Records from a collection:
=-=-=-=-=
(* Let $\mathcal H$ be a complex Hilbert space, $U\in\mathcal B(\mathcal H)$ unitary, and $\mathcal K\subset\mathcal H$ a closed subspace with orthogonal projection $P_{\mathcal K}$. Put $S=(I-P_{\mathcal K})U$, let $\Theta_S$ be the characteristic function of $S$ (viewed as a map $U^*(\mathcal K)\to\mathcal K$, see context), and let $\tilde U:U^*(\mathcal K)\to\mathcal K$ be the restriction of $U$ to $U^*(\mathcal K)$. Then for every $z$ in the open unit disc $\mathbb D$ and every $k\in\mathcal K$, $$\big\langle (U+zI)(U-zI)^{-1}k,\,k\big\rangle=\big\langle (\tilde U+\Theta_S(z))(\tilde U-\Theta_S(z))^{-1}k,\,k\big\rangle .$$
   Context: For a contraction $T$ on a Hilbert space, $D_T=(I-T^*T)^{1/2}$, $D_{T^*}=(I-TT^* )^{1/2}$, $\mathcal D_T=\overline{D_T\mathcal H}$, $\mathcal D_{T^*}=\overline{D_{T^*}\mathcal H}$, and the characteristic function is $\Theta_T(z)=\big(-T+zD_{T^*}(I-zT^* )^{-1}D_T\big)|_{\mathcal D_T}:\mathcal D_T\to\mathcal D_{T^*}$, $z\in\mathbb D$. For $S=(I-P_{\mathcal K})U$ one has $\mathcal D_S=U^*(\mathcal K)$ and $\mathcal D_{S^*}=\mathcal K$, so $\Theta_S(z):U^*(\mathcal K)\to\mathcal K$, and $\Theta_S(0)=0$. The operator $(\tilde U+\Theta_S(z))(\tilde U-\Theta_S(z))^{-1}$ acts on $\mathcal K$. *)

theory Defs
  imports "HOL-Analysis.Analysis"
begin

class scaleC =
  fixes scaleC :: "complex \<Rightarrow> 'a \<Rightarrow> 'a" (infixr "*\<^sub>C" 75)

class complex_vector = real_vector + scaleC +
  assumes scaleC_add_right: "a *\<^sub>C (x + y) = a *\<^sub>C x + a *\<^sub>C y"
    and scaleC_add_left: "(a + b) *\<^sub>C x = a *\<^sub>C x + b *\<^sub>C x"
    and scaleC_scaleC: "a *\<^sub>C (b *\<^sub>C x) = (a * b) *\<^sub>C x"
    and scaleC_one: "1 *\<^sub>C x = x"
    and scaleR_scaleC: "scaleR r x = complex_of_real r *\<^sub>C x"

class complex_inner = complex_vector + real_normed_vector +
  fixes cinner :: "'a \<Rightarrow> 'a \<Rightarrow> complex"
  assumes cinner_commute: "cinner x y = cnj (cinner y x)"
    and cinner_add_left: "cinner (x + y) z = cinner x z + cinner y z"
    and cinner_scaleC_left: "cinner (a *\<^sub>C x) y = a * cinner x y"
    and cinner_self_real: "Im (cinner x x) = 0"
    and cinner_self_nonneg: "0 \<le> Re (cinner x x)"
    and cinner_self_eq_zero: "cinner x x = 0 \<longleftrightarrow> x = 0"
    and norm_eq_sqrt_cinner: "norm x = sqrt (Re (cinner x x))"

class chilbert_space = complex_inner + complete_space

definition clinear :: "('a::complex_vector \<Rightarrow> 'b::complex_vector) \<Rightarrow> bool" where
  "clinear f \<longleftrightarrow> (\<forall>x y. f (x + y) = f x + f y) \<and> (\<forall>c x. f (c *\<^sub>C x) = c *\<^sub>C f x)"

definition bounded_clinear :: "('a::complex_inner \<Rightarrow> 'b::complex_inner) \<Rightarrow> bool" where
  "bounded_clinear f \<longleftrightarrow> clinear f \<and> (\<exists>K. \<forall>x. norm (f x) \<le> norm x * K)"

definition csubspace :: "'a::complex_vector set \<Rightarrow> bool" where
  "csubspace S \<longleftrightarrow> 0 \<in> S \<and> (\<forall>x\<in>S. \<forall>y\<in>S. x + y \<in> S) \<and> (\<forall>c. \<forall>x\<in>S. c *\<^sub>C x \<in> S)"

definition adj :: "('a::complex_inner \<Rightarrow> 'b::complex_inner) \<Rightarrow> 'b \<Rightarrow> 'a" where
  "adj T = (\<lambda>y. THE w. \<forall>x. cinner (T x) y = cinner x w)"

definition unitary :: "('a::chilbert_space \<Rightarrow> 'a) \<Rightarrow> bool" where
  "unitary U \<longleftrightarrow> bounded_clinear U \<and> U \<circ> adj U = id \<and> adj U \<circ> U = id"

definition proj :: "'a::complex_inner set \<Rightarrow> 'a \<Rightarrow> 'a" where
  "proj K x = (THE y. y \<in> K \<and> (\<forall>k\<in>K. cinner (x - y) k = 0))"

definition positive_op :: "('a::complex_inner \<Rightarrow> 'a) \<Rightarrow> bool" where
  "positive_op A \<longleftrightarrow> bounded_clinear A \<and> (\<forall>x. Im (cinner (A x) x) = 0 \<and> 0 \<le> Re (cinner (A x) x))"

definition op_sqrt :: "('a::complex_inner \<Rightarrow> 'a) \<Rightarrow> 'a \<Rightarrow> 'a" where
  "op_sqrt A = (THE R. positive_op R \<and> R \<circ> R = A)"

definition inv_on :: "'a set \<Rightarrow> ('a \<Rightarrow> 'b) \<Rightarrow> 'b \<Rightarrow> 'a" where
  "inv_on A f y = (THE x. x \<in> A \<and> f x = y)"

definition defect :: "('a::chilbert_space \<Rightarrow> 'a) \<Rightarrow> 'a \<Rightarrow> 'a" where
  "defect T = op_sqrt (\<lambda>x. x - adj T (T x))"

definition defect_space :: "('a::chilbert_space \<Rightarrow> 'a) \<Rightarrow> 'a set" where
  "defect_space T = closure (range (defect T))"

text \<open>Theta_T(z) = -T + z D_{T*} (I - z T*)^{-1} D_T, to be applied on the defect space D_T.\<close>
definition char_fun :: "('a::chilbert_space \<Rightarrow> 'a) \<Rightarrow> complex \<Rightarrow> 'a \<Rightarrow> 'a" where
  "char_fun T z x = - T x + z *\<^sub>C defect (adj T)
      (inv_on UNIV (\<lambda>y. y - z *\<^sub>C adj T y) (defect T x))"

end

theory Submission
  imports Defs
begin

text \<open>
  The proof is a direct computation of the characteristic
  function of S on the space D = V(K):
  \<^item> S* = V (I - P), so I - S* S = V P U and I - S S* = P are orthogonal projections; hence they
    are their own square roots, i.e. the defect operators are D_S = V P U and D_{S*} = P.
  \<^item> For x in D we have S x = 0 and D_S x = x, so Theta_S(z) x = z P y with y = (I - z S*)^{-1} x.
  \<^item> If w solves U w - z w = k, then x0 = V (k + z P w) lies in D, satisfies
    (I - z S*) w = x0 and hence Theta_S(z) x0 = z P w, so x0 is the unique solution in D
    of U x - Theta_S(z) x = k.
  \<^item> Both sides of the identity then equal <k,k> + 2 z <w,k>, using <P w, k> = <w, k>.
\<close>

context complex_vector begin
=-=-=-=-=
→ INSTRUCTIONS TO FOLLOW: In full and without alteration, repeat the records.

→ RESULT:
(* Let $\mathcal H$ be a complex Hilbert space, $U\in\mathcal B(\mathcal H)$ unitary, and $\mathcal K\subset\mathcal H$ a closed subspace with orthogonal projection $P_{\mathcal K}$. Put $S=(I-P_{\mathcal K})U$, let $\Theta_S$ be the characteristic function of $S$ (viewed as a map $U^*(\mathcal K)\to\mathcal K$, see context), and let $\tilde U:U^*(\mathcal K)\to\mathcal K$ be the restriction of $U$ to $U^*(\mathcal K)$. Then for every $z$ in the open unit disc $\mathbb D$ and every $k\in\mathcal K$, $$\big\langle (U+zI)(U-zI)^{-1}k,\,k\big\rangle=\big\langle (\tilde U+\Theta_S(z))(\tilde U-\Theta_S(z))^{-1}k,\,k\big\rangle .$$
   Context: For a contraction $T$ on a Hilbert space, $D_T=(I-T^*T)^{1/2}$, $D_{T^*}=(I-TT^* )^{1/2}$, $\mathcal D_T=\overline{D_T\mathcal H}$, $\mathcal D_{T^*}=\overline{D_{T^*}\mathcal H}$, and the characteristic function is $\Theta_T(z)=\big(-T+zD_{T^*}(I-zT^* )^{-1}D_T\big)|_{\mathcal D_T}:\mathcal D_T\to\mathcal D_{T^*}$, $z\in\mathbb D$. For $S=(I-P_{\mathcal K})U$ one has $\mathcal D_S=U^*(\mathcal K)$ and $\mathcal D_{S^*}=\mathcal K$, so $\Theta_S(z):U^*(\mathcal K)\to\mathcal K$, and $\Theta_S(0)=0$. The operator $(\tilde U+\Theta_S(z))(\tilde U-\Theta_S(z))^{-1}$ acts on $\mathcal K$. *)

theory Defs
  imports "HOL-Analysis.Analysis"
begin

class scaleC =
  fixes scaleC :: "complex \<Rightarrow> 'a \<Rightarrow> 'a" (infixr "*\<^sub>C" 75)

class complex_vector = real_vector + scaleC +
  assumes scaleC_add_right: "a *\<^sub>C (x + y) = a *\<^sub>C x + a *\<^sub>C y"
    and scaleC_add_left: "(a + b) *\<^sub>C x = a *\<^sub>C x + b *\<^sub>C x"
    and scaleC_scaleC: "a *\<^sub>C (b *\<^sub>C x) = (a * b) *\<^sub>C x"
    and scaleC_one: "1 *\<^sub>C x = x"
    and scaleR_scaleC: "scaleR r x = complex_of_real r *\<^sub>C x"

class complex_inner = complex_vector + real_normed_vector +
  fixes cinner :: "'a \<Rightarrow> 'a \<Rightarrow> complex"
  assumes cinner_commute: "cinner x y = cnj (cinner y x)"
    and cinner_add_left: "cinner (x + y) z = cinner x z + cinner y z"
    and cinner_scaleC_left: "cinner (a *\<^sub>C x) y = a * cinner x y"
    and cinner_self_real: "Im (cinner x x) = 0"
    and cinner_self_nonneg: "0 \<le> Re (cinner x x)"
    and cinner_self_eq_zero: "cinner x x = 0 \<longleftrightarrow> x = 0"
    and norm_eq_sqrt_cinner: "norm x = sqrt (Re (cinner x x))"

class chilbert_space = complex_inner + complete_space

definition clinear :: "('a::complex_vector \<Rightarrow> 'b::complex_vector) \<Rightarrow> bool" where
  "clinear f \<longleftrightarrow> (\<forall>x y. f (x + y) = f x + f y) \<and> (\<forall>c x. f (c *\<^sub>C x) = c *\<^sub>C f x)"

definition bounded_clinear :: "('a::complex_inner \<Rightarrow> 'b::complex_inner) \<Rightarrow> bool" where
  "bounded_clinear f \<longleftrightarrow> clinear f \<and> (\<exists>K. \<forall>x. norm (f x) \<le> norm x * K)"

definition csubspace :: "'a::complex_vector set \<Rightarrow> bool" where
  "csubspace S \<longleftrightarrow> 0 \<in> S \<and> (\<forall>x\<in>S. \<forall>y\<in>S. x + y \<in> S) \<and> (\<forall>c. \<forall>x\<in>S. c *\<^sub>C x \<in> S)"

definition adj :: "('a::complex_inner \<Rightarrow> 'b::complex_inner) \<Rightarrow> 'b \<Rightarrow> 'a" where
  "adj T = (\<lambda>y. THE w. \<forall>x. cinner (T x) y = cinner x w)"

definition unitary :: "('a::chilbert_space \<Rightarrow> 'a) \<Rightarrow> bool" where
  "unitary U \<longleftrightarrow> bounded_clinear U \<and> U \<circ> adj U = id \<and> adj U \<circ> U = id"

definition proj :: "'a::complex_inner set \<Rightarrow> 'a \<Rightarrow> 'a" where
  "proj K x = (THE y. y \<in> K \<and> (\<forall>k\<in>K. cinner (x - y) k = 0))"

definition positive_op :: "('a::complex_inner \<Rightarrow> 'a) \<Rightarrow> bool" where
  "positive_op A \<longleftrightarrow> bounded_clinear A \<and> (\<forall>x. Im (cinner (A x) x) = 0 \<and> 0 \<le> Re (cinner (A x) x))"

definition op_sqrt :: "('a::complex_inner \<Rightarrow> 'a) \<Rightarrow> 'a \<Rightarrow> 'a" where
  "op_sqrt A = (THE R. positive_op R \<and> R \<circ> R = A)"

definition inv_on :: "'a set \<Rightarrow> ('a \<Rightarrow> 'b) \<Rightarrow> 'b \<Rightarrow> 'a" where
  "inv_on A f y = (THE x. x \<in> A \<and> f x = y)"

definition defect :: "('a::chilbert_space \<Rightarrow> 'a) \<Rightarrow> 'a \<Rightarrow> 'a" where
  "defect T = op_sqrt (\<lambda>x. x - adj T (T x))"

definition defect_space :: "('a::chilbert_space \<Rightarrow> 'a) \<Rightarrow> 'a set" where
  "defect_space T = closure (range (defect T))"

text \<open>Theta_T(z) = -T + z D_{T*} (I - z T*)^{-1} D_T, to be applied on the defect space D_T.\<close>
definition char_fun :: "('a::chilbert_space \<Rightarrow> 'a) \<Rightarrow> complex \<Rightarrow> 'a \<Rightarrow> 'a" where
  "char_fun T z x = - T x + z *\<^sub>C defect (adj T)
      (inv_on UNIV (\<lambda>y. y - z *\<^sub>C adj T y) (defect T x))"

end

theory Submission
  imports Defs
begin

text \<open>
  The proof is a direct computation of the characteristic
  function of S on the space D = V(K):
  \<^item> S* = V (I - P), so I - S* S = V P U and I - S S* = P are orthogonal projections; hence they
    are their own square roots, i.e. the defect operators are D_S = V P U and D_{S*} = P.
  \<^item> For x in D we have S x = 0 and D_S x = x, so Theta_S(z) x = z P y with y = (I - z S*)^{-1} x.
  \<^item> If w solves U w - z w = k, then x0 = V (k + z P w) lies in D, satisfies
    (I - z S*) w = x0 and hence Theta_S(z) x0 = z P w, so x0 is the unique solution in D
    of U x - Theta_S(z) x = k.
  \<^item> Both sides of the identity then equal <k,k> + 2 z <w,k>, using <P w, k> = <w, k>.
\<close>

context complex_vector begin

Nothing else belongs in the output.